**EXERCISE:**
Give back an exact copy of the lines in the records below, from the line that has "text \<open>Factors are" through the line that has "(\<Sum>j\<in>multi_idx d n.", and nothing besides.

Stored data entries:

lemma sum_sample_dist_fiber:
  assumes "length y = N"
    and fiber: "\<And>t. C (split_sample t) \<longleftrightarrow> map h t = y"
  shows "(\<Sum>w\<in>Src \<times> {zs. length zs = N}. if C w then sample_dist q w else 0) = iid (prob_of q h) y"
proof -
  have "(\<Sum>w\<in>Src \<times> {zs. length zs = N}. if C w then sample_dist q w else 0)
      = (\<Sum>t | length t = N. if C (split_sample t) then sample_dist q (split_sample t) else 0)"
    unfolding Src_def by (rule sum_samples_split)
  also have "\<dots> = (\<Sum>t | length t = N. if map h t = y then iid q t else 0)"
    by (simp only: fiber sample_dist_split_sample)
  also have "\<dots> = (\<Sum>t | length t = N \<and> map h t = y. iid q t)"
    by (simp add: sum.inter_filter[symmetric] finite_lists_length conj_commute)
  finally show ?thesis
    using assms(1) by (simp add: sum_iid_fiber)
qed

lemma QXUZ_split_sample:
  assumes "length s = N"
    and "\<And>t. map h t = map h s
      \<longleftrightarrow> map compX t = map compX s \<and> map compU t = map compU s \<and> map compZ t = map compZ s"
  shows "QXUZ (map compX s) (map compU s) (map compZ s) = prod_list (map (\<lambda>w. prob_of q h (h w)) s)"
proof -
  have "map compX s \<in> bitstrings N" "map compU s \<in> bitstrings N" "map compZ s \<in> {zs. length zs = N}"
    using assms(1) by (simp_all add: bitstrings_def)
  then have "QXUZ (map compX s) (map compU s) (map compZ s) = (\<Sum>w\<in>Src \<times> {zs. length zs = N}.
      if (case w of ((x', u', v), z') \<Rightarrow> (x', u', z') = (map compX s, map compU s, map compZ s))
      then sample_dist q w else 0)"
    by (rule QXUZ_eq_filter)
  also have "\<dots> = iid (prob_of q h) (map h s)"
    using assms by (intro sum_sample_dist_fiber) (auto simp: split_sample_def)
  finally show ?thesis
    by (simp add: iid_def comp_def)
qed

lemma QUZ_split_sample:
  assumes "length s = N"
    and "\<And>t. map h t = map h s \<longleftrightarrow> map compU t = map compU s \<and> map compZ t = map compZ s"
  shows "QUZ (map compU s) (map compZ s) = prod_list (map (\<lambda>w. prob_of q h (h w)) s)"
proof -
  have "map compU s \<in> bitstrings N" "map compZ s \<in> {zs. length zs = N}"
    using assms(1) by (simp_all add: bitstrings_def)
  then have "QUZ (map compU s) (map compZ s) = (\<Sum>w\<in>Src \<times> {zs. length zs = N}.
      if (case w of ((x, u', v), z') \<Rightarrow> (u', z') = (map compU s, map compZ s))
      then sample_dist q w else 0)"
    by (rule QUZ_eq_filter)
  also have "\<dots> = iid (prob_of q h) (map h s)"
    using assms by (intro sum_sample_dist_fiber) (auto simp: split_sample_def)
  finally show ?thesis
    by (simp add: iid_def comp_def)
qed

lemma QZ_eq_iid:
  assumes "length zs = N"
  shows "QZ zs = iid (prob_of q compZ) zs"
proof -
  have "QZ zs = (\<Sum>w\<in>Src \<times> {zs. length zs = N}. if snd w = zs then sample_dist q w else 0)"
    using assms by (intro QZ_eq_filter) simp
  also have "\<dots> = iid (prob_of q compZ) zs"
    using assms by (intro sum_sample_dist_fiber) (auto simp: split_sample_def)
  finally show ?thesis .
qed

lemma hashed_dist_eq:
  assumes "length zs = N"
  shows "hashed_dist N q FX FU FV (e, d, f, zs) = hashed_mass (e, d, f) zs"
proof -
  have "(\<Sum>s | length s = N. if gX (map compX s) = e \<and> gU (map compU s) = d \<and> gV (map compV s) = f
          \<and> map compZ s = zs then iid q s else 0)
      = (\<Sum>t\<in>Src. if hash3 (gX, gU, gV) t = (e, d, f) then sample_dist q (t, zs) else 0)" for gX gU gV
  proof -
    have "(\<Sum>t\<in>Src. if hash3 (gX, gU, gV) t = (e, d, f) then sample_dist q (t, zs) else 0)
        = (\<Sum>w\<in>Src \<times> {zs. length zs = N}. if hash3 (gX, gU, gV) (fst w) = (e, d, f) \<and> snd w = zs
            then sample_dist q w else 0)"
      using assms
      by (simp add: sum.cartesian_product' sum_if_const if_conj_zero finite_lists_length cong: if_cong)
    also have "\<dots> = (\<Sum>s | length s = N. if gX (map compX s) = e \<and> gU (map compU s) = d
        \<and> gV (map compV s) = f \<and> map compZ s = zs then iid q s else 0)"
      unfolding Src_def sum_samples_split
      by (simp only: sample_dist_split_sample cong: if_cong) (simp add: split_sample_def hash3_def)
    finally show ?thesis ..
  qed
  then show ?thesis
    by (simp add: hashed_dist_def hashed_mass_def Fam_def sum.cartesian_product' card_cartesian_product)
qed

lemma ideal_dist_eq:
  assumes "e \<in> bitstrings rX" "d \<in> bitstrings rU" "f \<in> bitstrings rV" "length zs = N"
  shows "ideal_dist N q rX rU rV (e, d, f, zs) = QZ zs / card Out"
  using assms by (simp add: ideal_dist_def QZ_eq_iid card_Out)

lemma var_dist_eq:
  "var_dist (hashed_dist N q FX FU FV) (ideal_dist N q rX rU rV)
      (bitstrings rX \<times> bitstrings rU \<times> bitstrings rV \<times> {zs. length zs = N})
    = (\<Sum>(e, d, f, z)\<in>bitstrings rX \<times> bitstrings rU \<times> bitstrings rV \<times> {zs. length zs = N}.
        \<bar>hashed_mass (e, d, f) z - QZ z / card Out\<bar>)"
  unfolding var_dist_def
proof (rule sum.cong[OF refl])
  fix w :: "bool list \<times> bool list \<times> bool list \<times> 'z list"
  assume "w \<in> bitstrings rX \<times> bitstrings rU \<times> bitstrings rV \<times> {zs. length zs = N}"
  then obtain e d f zs where "w = (e, d, f, zs)" "e \<in> bitstrings rX" "d \<in> bitstrings rU"
    "f \<in> bitstrings rV" "length zs = N"
    by auto
  then show "\<bar>hashed_dist N q FX FU FV w - ideal_dist N q rX rU rV w\<bar>
      = (case w of (e, d, f, z) \<Rightarrow> \<bar>hashed_mass (e, d, f) z - QZ z / card Out\<bar>)"
    by (simp only: hashed_dist_eq ideal_dist_eq prod.case)
qed

lemma typical_split_sample:
  "typical (split_sample s) \<longleftrightarrow> typX (map compX s) (map compU s) (map compZ s)
    \<and> typU (map compU s) (map compZ s) \<and> typV (map compX s) (map compU s) (map compV s) (map compZ s)"
  by (simp add: typical_def split_sample_def)

lemma iid_not_typX_le:
  assumes "1 \<le> N" "real rX + \<theta> = real N * (cond_entropy q compX (\<lambda>w. (compU w, compZ w)) - delta_A N)"
  shows "(\<Sum>s | length s = N \<and> \<not> typX (map compX s) (map compU s) (map compZ s). iid q s) \<le> exp (- 3) / N"
proof -
  interpret C: cond_pmf q compX "\<lambda>w. (compU w, compZ w)"
    by unfold_locales (rule pmf)
  have "\<not> typX (map compX s) (map compU s) (map compZ s)
      \<longleftrightarrow> 2 powr - (real N * (cond_entropy q compX (\<lambda>w. (compU w, compZ w)) - delta_A N))
          * prod_list (map (\<lambda>w. C.marg (compU w, compZ w)) s)
        < prod_list (map (\<lambda>w. C.joint (compX w, compU w, compZ w)) s)"
    if "length s = N" for s
    using QXUZ_split_sample[OF that, of "\<lambda>w. (compX w, compU w, compZ w)"]
      QUZ_split_sample[OF that, of "\<lambda>w. (compU w, compZ w)"] assms(2)
    by (simp add: typX_def aX_def C.joint_def C.marg_def map_pair_eq_iff not_le)
  then show ?thesis
    using C.iid_joint_tail_le[OF assms(1)] by (simp cong: conj_cong)
qed

lemma iid_not_typU_le:
  assumes "1 \<le> N" "real rU + \<theta> = real N * (cond_entropy q compU compZ - delta_A N)"
  shows "(\<Sum>s | length s = N \<and> \<not> typU (map compU s) (map compZ s). iid q s) \<le> exp (- 3) / N"
proof -
  interpret C: cond_pmf q compU compZ
    by unfold_locales (rule pmf)
  have "\<not> typU (map compU s) (map compZ s)
      \<longleftrightarrow> 2 powr - (real N * (cond_entropy q compU compZ - delta_A N))
          * prod_list (map (\<lambda>w. C.marg (compZ w)) s) < prod_list (map (\<lambda>w. C.joint (compU w, compZ w)) s)"
    if "length s = N" for s
    using QUZ_split_sample[OF that, of "\<lambda>w. (compU w, compZ w)"] QZ_eq_iid[of "map compZ s"] that assms(2)
    by (simp add: typU_def aU_def C.joint_def C.marg_def map_pair_eq_iff not_le iid_def comp_def)
  then show ?thesis
    using C.iid_joint_tail_le[OF assms(1)] by (simp cong: conj_cong)
qed

lemma iid_not_typV_le:
  assumes "1 \<le> N"
    "real rV + \<theta> = real N * (cond_entropy q compV (\<lambda>w. (compU w, compZ w, compX w)) - delta_A N)"
  shows "(\<Sum>s | length s = N \<and> \<not> typV (map compX s) (map compU s) (map compV s) (map compZ s). iid q s)
    \<le> exp (- 3) / N"
proof -
  interpret C: cond_pmf q compV "\<lambda>w. (compU w, compZ w, compX w)"
    by unfold_locales (rule pmf)
  have "inj (\<lambda>w. (compV w, compU w, compZ w, compX w))"
    by (auto intro!: injI simp: compX_def compU_def compV_def compZ_def prod_eq_iff)
  then have joint_eq: "C.joint (compV w, compU w, compZ w, compX w) = q w" for w
    unfolding C.joint_def by (rule prob_of_injective)
  have "\<not> typV (map compX s) (map compU s) (map compV s) (map compZ s)
      \<longleftrightarrow> 2 powr - (real N * (cond_entropy q compV (\<lambda>w. (compU w, compZ w, compX w)) - delta_A N))
          * prod_list (map (\<lambda>w. C.marg (compU w, compZ w, compX w)) s)
        < prod_list (map (\<lambda>w. C.joint (compV w, compU w, compZ w, compX w)) s)"
    if "length s = N" for s
  proof -
    have "QXUZ (map compX s) (map compU s) (map compZ s)
        = prod_list (map (\<lambda>w. C.marg (compU w, compZ w, compX w)) s)"
      unfolding C.marg_def by (rule QXUZ_split_sample[OF that]) (auto simp: map_pair_eq_iff)
    then show ?thesis
      using sample_dist_split_sample[of s] assms(2)
      by (simp add: typV_def aV_def joint_eq not_le iid_def split_sample_def)
  qed
  then show ?thesis
    using C.iid_joint_tail_le[OF assms(1)] by (simp cong: conj_cong)
qed

lemma sum_P_atyp_le:
  assumes "1 \<le> N"
    and "real rX + \<theta> = real N * (cond_entropy q compX (\<lambda>w. (compU w, compZ w)) - delta_A N)"
    and "real rU + \<theta> = real N * (cond_entropy q compU compZ - delta_A N)"
    and "real rV + \<theta> = real N * (cond_entropy q compV (\<lambda>w. (compU w, compZ w, compX w)) - delta_A N)"
  shows "(\<Sum>w\<in>Src \<times> {zs. length zs = N}. P_atyp w) \<le> 1 / N"
proof -
  let ?X = "\<lambda>s. typX (map compX s) (map compU s) (map compZ s)"
  let ?U = "\<lambda>s. typU (map compU s) (map compZ s)"
  let ?V = "\<lambda>s. typV (map compX s) (map compU s) (map compV s) (map compZ s)"
  have "P_atyp (split_sample s)
      \<le> (if \<not> ?X s then iid q s else 0) + (if \<not> ?U s then iid q s else 0)
        + (if \<not> ?V s then iid q s else 0)" for s
    using P_nonneg[of "split_sample s"]
    by (auto simp: P_atyp_def typical_split_sample sample_dist_split_sample)
  then have "(\<Sum>w\<in>Src \<times> {zs. length zs = N}. P_atyp w)
      \<le> (\<Sum>s | length s = N. if \<not> ?X s then iid q s else 0)
        + (\<Sum>s | length s = N. if \<not> ?U s then iid q s else 0)
        + (\<Sum>s | length s = N. if \<not> ?V s then iid q s else 0)"
    unfolding Src_def sum_samples_split sum.distrib[symmetric] by (rule sum_mono)
  also have "\<dots> = (\<Sum>s | length s = N \<and> \<not> ?X s. iid q s) + (\<Sum>s | length s = N \<and> \<not> ?U s. iid q s)
      + (\<Sum>s | length s = N \<and> \<not> ?V s. iid q s)"
    by (simp add: sum.inter_filter[symmetric] finite_lists_length conj_commute)
  also have "\<dots> \<le> 3 * exp (- 3) / N"
    using iid_not_typX_le[OF assms(1,2)] iid_not_typU_le[OF assms(1,3)] iid_not_typV_le[OF assms(1,4)]
    by simp
  also have "\<dots> \<le> 1 / N"
  proof (rule divide_right_mono)
    show "3 * exp (- 3) \<le> (1::real)"
      using exp_ge_add_one_self[of 3] by (simp add: exp_minus field_simps)
  qed simp
  finally show ?thesis .
qed

end

theorem lemma2:
  fixes q :: "bool \<times> bool \<times> bool \<times> 'z::finite \<Rightarrow> real"
    and N rX rU rV :: nat and \<xi> :: real
    and FX FU FV :: "(bool list \<Rightarrow> bool list) set"
  assumes "is_pmf q"
    and "N \<ge> 1"
    and "\<xi> > 0"
    and "real rX = real N * (cond_entropy q compX (\<lambda>w. (compU w, compZ w))
                             - 2 * (delta_A N + \<xi>) / 2)"
    and "real rU = real N * (cond_entropy q compU compZ - 2 * (delta_A N + \<xi>) / 2)"
    and "real rV = real N * (cond_entropy q compV (\<lambda>w. (compU w, compZ w, compX w))
                             - 2 * (delta_A N + \<xi>) / 2)"
    and "two_universal N rX FX"
    and "two_universal N rU FU"
    and "two_universal N rV FV"
  shows "var_dist (hashed_dist N q FX FU FV) (ideal_dist N q rX rU rV)
           (bitstrings rX \<times> bitstrings rU \<times> bitstrings rV \<times> {zs. length zs = N})
         \<le> 2 / real N + sqrt 7 * 2 powr (- real N * \<xi> / 2)"
proof -
  interpret iid_hashing q N rX rU rV "real N * \<xi>" FX FU FV
    using assms by unfold_locales simp_all
  have "(\<Sum>w\<in>Src \<times> {zs. length zs = N}. P_atyp w) \<le> 1 / N"
    using assms(2,4-6) by (intro sum_P_atyp_le) (simp_all add: field_simps)
  then show ?thesis
    using hashed_mass_total_deviation_le by (simp add: var_dist_eq Out_def)
qed

end
(* Let $r$ be a positive integer with $r\le n_i$ for all $i$, let $T=\sum_{j=1}^r e_1^j\otimes\cdots\otimes e_d^j$, $H$ its stabilizer in $G$, and $\Sigma_r=G/H$. Then $G/H$ is reductive if and only if $r=n_1=\cdots=n_d$. Moreover, when $r=n_1=\cdots=n_d$, the orthogonal complement $\mathfrak{m}$ of $\mathfrak{h}$ in $\mathfrak{g}$ (with respect to the inner product $\langle Z,Z'\rangle=\sum_{i=1}^d\mathrm{tr}(Z_iZ_i'^{\mathsf T})$) satisfies $h\mathfrak{m}h^{-1}\subset\mathfrak{m}$ for all $h\in H$.
   Context: Fix integers $d\ge 3$ and $n_1,\dots,n_d\ge 2$. $V=\mathbb{R}^{n_1}\otimes\cdots\otimes\mathbb{R}^{n_d}$, and $G=\mathrm{GL}(n_1)\times\cdots\times\mathrm{GL}(n_d)$ acts on $V$ by $(g_1,\dots,g_d)\cdot(v_1\otimes\cdots\otimes v_d)=(g_1v_1)\otimes\cdots\otimes(g_dv_d)$, extended linearly. $e_i^1,\dots,e_i^{n_i}$ is the standard basis of $\mathbb{R}^{n_i}$. $\mathfrak{g}=\mathfrak{gl}(n_1)\times\cdots\times\mathfrak{gl}(n_d)$ is the Lie algebra of $G$ (tuples $Z=(Z_1,\dots,Z_d)$ of arbitrary $n_i\times n_i$ matrices), $\mathfrak{h}\subset\mathfrak{g}$ is the Lie algebra of the closed subgroup $H$, and $H$ acts on $\mathfrak{g}$ by $hZh^{-1}=(h_1Z_1h_1^{-1},\dots,h_dZ_dh_d^{-1})$. A homogeneous space $G/H$ is called reductive if there exists a linear subspace $\mathfrak{p}\subset\mathfrak{g}$ with $\mathfrak{p}\oplus\mathfrak{h}=\mathfrak{g}$ and $h\mathfrak{p}h^{-1}\subset\mathfrak{p}$ for all $h\in H$. *)

theory Defs
  imports "HOL-Analysis.Analysis" "Jordan_Normal_Form.Matrix"
begin

text \<open>Factors are indexed by i < d (0-based), factor i has dimension n i.
  Basis vectors e_i^1..e_i^{n_i} correspond to indices 0..n_i-1.
  Tuples of matrices are functions nat => real mat, normalized to the empty
  matrix for i >= d.\<close>

definition multi_idx :: "nat \<Rightarrow> (nat \<Rightarrow> nat) \<Rightarrow> (nat \<Rightarrow> nat) set" where
  "multi_idx d n = {k. (\<forall>i<d. k i < n i) \<and> (\<forall>i\<ge>d. k i = 0)}"

definition tensor_space :: "nat \<Rightarrow> (nat \<Rightarrow> nat) \<Rightarrow> ((nat \<Rightarrow> nat) \<Rightarrow> real) set" where
  "tensor_space d n = {T. \<forall>k. k \<notin> multi_idx d n \<longrightarrow> T k = 0}"

text \<open>Action of (g_1,...,g_d) on V (the linear extension of g_1 v_1 (x) ... (x) g_d v_d).\<close>
definition tensor_act :: "nat \<Rightarrow> (nat \<Rightarrow> nat) \<Rightarrow> (nat \<Rightarrow> real mat) \<Rightarrow> ((nat \<Rightarrow> nat) \<Rightarrow> real) \<Rightarrow> ((nat \<Rightarrow> nat) \<Rightarrow> real)" where
  "tensor_act d n g T = (\<lambda>k. if k \<in> multi_idx d n then
      (\<Sum>j\<in>multi_idx d n. (\<Prod>i<d. g i $$ (k i, j i)) * T j) else 0)"

definition GLprod :: "nat \<Rightarrow> (nat \<Rightarrow> nat) \<Rightarrow> (nat \<Rightarrow> real mat) set" where
  "GLprod d n = {g. (\<forall>i<d. g i \<in> carrier_mat (n i) (n i) \<and> invertible_mat (g i)) \<and>
                    (\<forall>i\<ge>d. g i = 1\<^sub>m 0)}"

definition glprod :: "nat \<Rightarrow> (nat \<Rightarrow> nat) \<Rightarrow> (nat \<Rightarrow> real mat) set" where
  "glprod d n = {Z. (\<forall>i<d. Z i \<in> carrier_mat (n i) (n i)) \<and> (\<forall>i\<ge>d. Z i = 0\<^sub>m 0 0)}"

definition tup_zero :: "nat \<Rightarrow> (nat \<Rightarrow> nat) \<Rightarrow> nat \<Rightarrow> real mat" where
  "tup_zero d n = (\<lambda>i. if i < d then 0\<^sub>m (n i) (n i) else 0\<^sub>m 0 0)"

definition tup_add :: "(nat \<Rightarrow> real mat) \<Rightarrow> (nat \<Rightarrow> real mat) \<Rightarrow> nat \<Rightarrow> real mat" where
  "tup_add X Y = (\<lambda>i. X i + Y i)"

definition tup_smult :: "real \<Rightarrow> (nat \<Rightarrow> real mat) \<Rightarrow> nat \<Rightarrow> real mat" where
  "tup_smult c X = (\<lambda>i. c \<cdot>\<^sub>m X i)"

definition mat_exp :: "real mat \<Rightarrow> real mat" where
  "mat_exp A = mat (dim_row A) (dim_col A) (\<lambda>(a, b). \<Sum>k. (A ^\<^sub>m k) $$ (a, b) / fact k)"

definition stabilizer :: "nat \<Rightarrow> (nat \<Rightarrow> nat) \<Rightarrow> ((nat \<Rightarrow> nat) \<Rightarrow> real) \<Rightarrow> (nat \<Rightarrow> real mat) set" where
  "stabilizer d n T = {g \<in> GLprod d n. tensor_act d n g T = T}"

definition lie_algebra :: "nat \<Rightarrow> (nat \<Rightarrow> nat) \<Rightarrow> (nat \<Rightarrow> real mat) set \<Rightarrow> (nat \<Rightarrow> real mat) set" where
  "lie_algebra d n H = {Z \<in> glprod d n. \<forall>t::real. (\<lambda>i. mat_exp (t \<cdot>\<^sub>m Z i)) \<in> H}"

definition mat_inv :: "real mat \<Rightarrow> real mat" where
  "mat_inv A = (SOME B. B \<in> carrier_mat (dim_row A) (dim_row A) \<and>
                        A * B = 1\<^sub>m (dim_row A) \<and> B * A = 1\<^sub>m (dim_row A))"

definition tup_conj :: "(nat \<Rightarrow> real mat) \<Rightarrow> (nat \<Rightarrow> real mat) \<Rightarrow> nat \<Rightarrow> real mat" where
  "tup_conj h Z = (\<lambda>i. h i * Z i * mat_inv (h i))"

definition is_subspace_gl :: "nat \<Rightarrow> (nat \<Rightarrow> nat) \<Rightarrow> (nat \<Rightarrow> real mat) set \<Rightarrow> bool" where
  "is_subspace_gl d n p \<longleftrightarrow> p \<subseteq> glprod d n \<and> tup_zero d n \<in> p \<and>
     (\<forall>X\<in>p. \<forall>Y\<in>p. tup_add X Y \<in> p) \<and> (\<forall>c. \<forall>X\<in>p. tup_smult c X \<in> p)"

definition reductive :: "nat \<Rightarrow> (nat \<Rightarrow> nat) \<Rightarrow> (nat \<Rightarrow> real mat) set \<Rightarrow> bool" where
  "reductive d n H \<longleftrightarrow> (\<exists>p. is_subspace_gl d n p \<and>
      p \<inter> lie_algebra d n H = {tup_zero d n} \<and>
      (\<forall>Z\<in>glprod d n. \<exists>X\<in>p. \<exists>Y\<in>lie_algebra d n H. Z = tup_add X Y) \<and>
      (\<forall>h\<in>H. \<forall>Z\<in>p. tup_conj h Z \<in> p))"

definition mat_trace :: "real mat \<Rightarrow> real" where
  "mat_trace A = (\<Sum>a<dim_row A. A $$ (a, a))"

definition gl_inner :: "nat \<Rightarrow> (nat \<Rightarrow> real mat) \<Rightarrow> (nat \<Rightarrow> real mat) \<Rightarrow> real" where
  "gl_inner d Z W = (\<Sum>i<d. mat_trace (Z i * transpose_mat (W i)))"

definition orth_complement :: "nat \<Rightarrow> (nat \<Rightarrow> nat) \<Rightarrow> (nat \<Rightarrow> real mat) set \<Rightarrow> (nat \<Rightarrow> real mat) set" where
  "orth_complement d n S = {Z \<in> glprod d n. \<forall>W\<in>S. gl_inner d Z W = 0}"

text \<open>T = sum_{j=1}^r e_1^j (x) ... (x) e_d^j (0-based: j < r).\<close>
definition diag_tensor :: "nat \<Rightarrow> (nat \<Rightarrow> nat) \<Rightarrow> nat \<Rightarrow> (nat \<Rightarrow> nat) \<Rightarrow> real" where
  "diag_tensor d n r = (\<lambda>k. if k \<in> multi_idx d n \<and> (\<exists>j<r. \<forall>i<d. k i = j) then 1 else 0)"

end

theory Submission
  imports Defs
begin

text \<open>
  A tuple g fixes T iff, for every multi-index k, the sum over c < r of the products
  g_1(k_1,c) ... g_d(k_d,c) is 1 when k is constant with value below r, and 0 otherwise.
  Differentiating this identity along exp(tZ) shows that every Z in the Lie algebra h of H
  satisfies Z_i(a,c) = 0 for c < r and a \<noteq> c (this needs d \<ge> 3), and sum_i Z_i(c,c) = 0.

  If r < n_i0, the element u = 1 + E_0r in slot i0 lies in H. If p were an H-invariant
  complement of h, the p-component X of E_r0 in slot i0 would have X_i0(r,0) = 1, and p would
  contain (Ad_u - 1)^2 X = -2 E_0r, a nonzero element of h.

  If all n_i = r, then h consists of the diagonal tuples with vanishing slot sums, and its
  orthogonal complement, the tuples whose diagonals agree across slots, is a complement of h.
  For h in H, the vector of products of entries of the slots other than s is killed by the
  invertible h_s as soon as two of these entries lie in different rows; with d \<ge> 3 this makes
  all h_i monomial with one common support, so conjugation by h permutes diagonal entries in
  the same way in every slot and preserves the complement.
\<close>

section \<open>Matrices\<close>

lemma index_mult_mat_sum:
  assumes "A \<in> carrier_mat n m" "B \<in> carrier_mat m p" "i < n" "j < p"
  shows "(A * B) $$ (i, j) = (\<Sum>k<m. A $$ (i, k) * B $$ (k, j))"
  using assms by (simp add: scalar_prod_def lessThan_atLeast0)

**ANSWER SECTION:**
text \<open>Factors are indexed by i < d (0-based), factor i has dimension n i.
  Basis vectors e_i^1..e_i^{n_i} correspond to indices 0..n_i-1.
  Tuples of matrices are functions nat => real mat, normalized to the empty
  matrix for i >= d.\<close>

definition multi_idx :: "nat \<Rightarrow> (nat \<Rightarrow> nat) \<Rightarrow> (nat \<Rightarrow> nat) set" where
  "multi_idx d n = {k. (\<forall>i<d. k i < n i) \<and> (\<forall>i\<ge>d. k i = 0)}"

definition tensor_space :: "nat \<Rightarrow> (nat \<Rightarrow> nat) \<Rightarrow> ((nat \<Rightarrow> nat) \<Rightarrow> real) set" where
  "tensor_space d n = {T. \<forall>k. k \<notin> multi_idx d n \<longrightarrow> T k = 0}"

text \<open>Action of (g_1,...,g_d) on V (the linear extension of g_1 v_1 (x) ... (x) g_d v_d).\<close>
definition tensor_act :: "nat \<Rightarrow> (nat \<Rightarrow> nat) \<Rightarrow> (nat \<Rightarrow> real mat) \<Rightarrow> ((nat \<Rightarrow> nat) \<Rightarrow> real) \<Rightarrow> ((nat \<Rightarrow> nat) \<Rightarrow> real)" where
  "tensor_act d n g T = (\<lambda>k. if k \<in> multi_idx d n then
      (\<Sum>j\<in>multi_idx d n. (\<Prod>i<d. g i $$ (k i, j i)) * T j) else 0)"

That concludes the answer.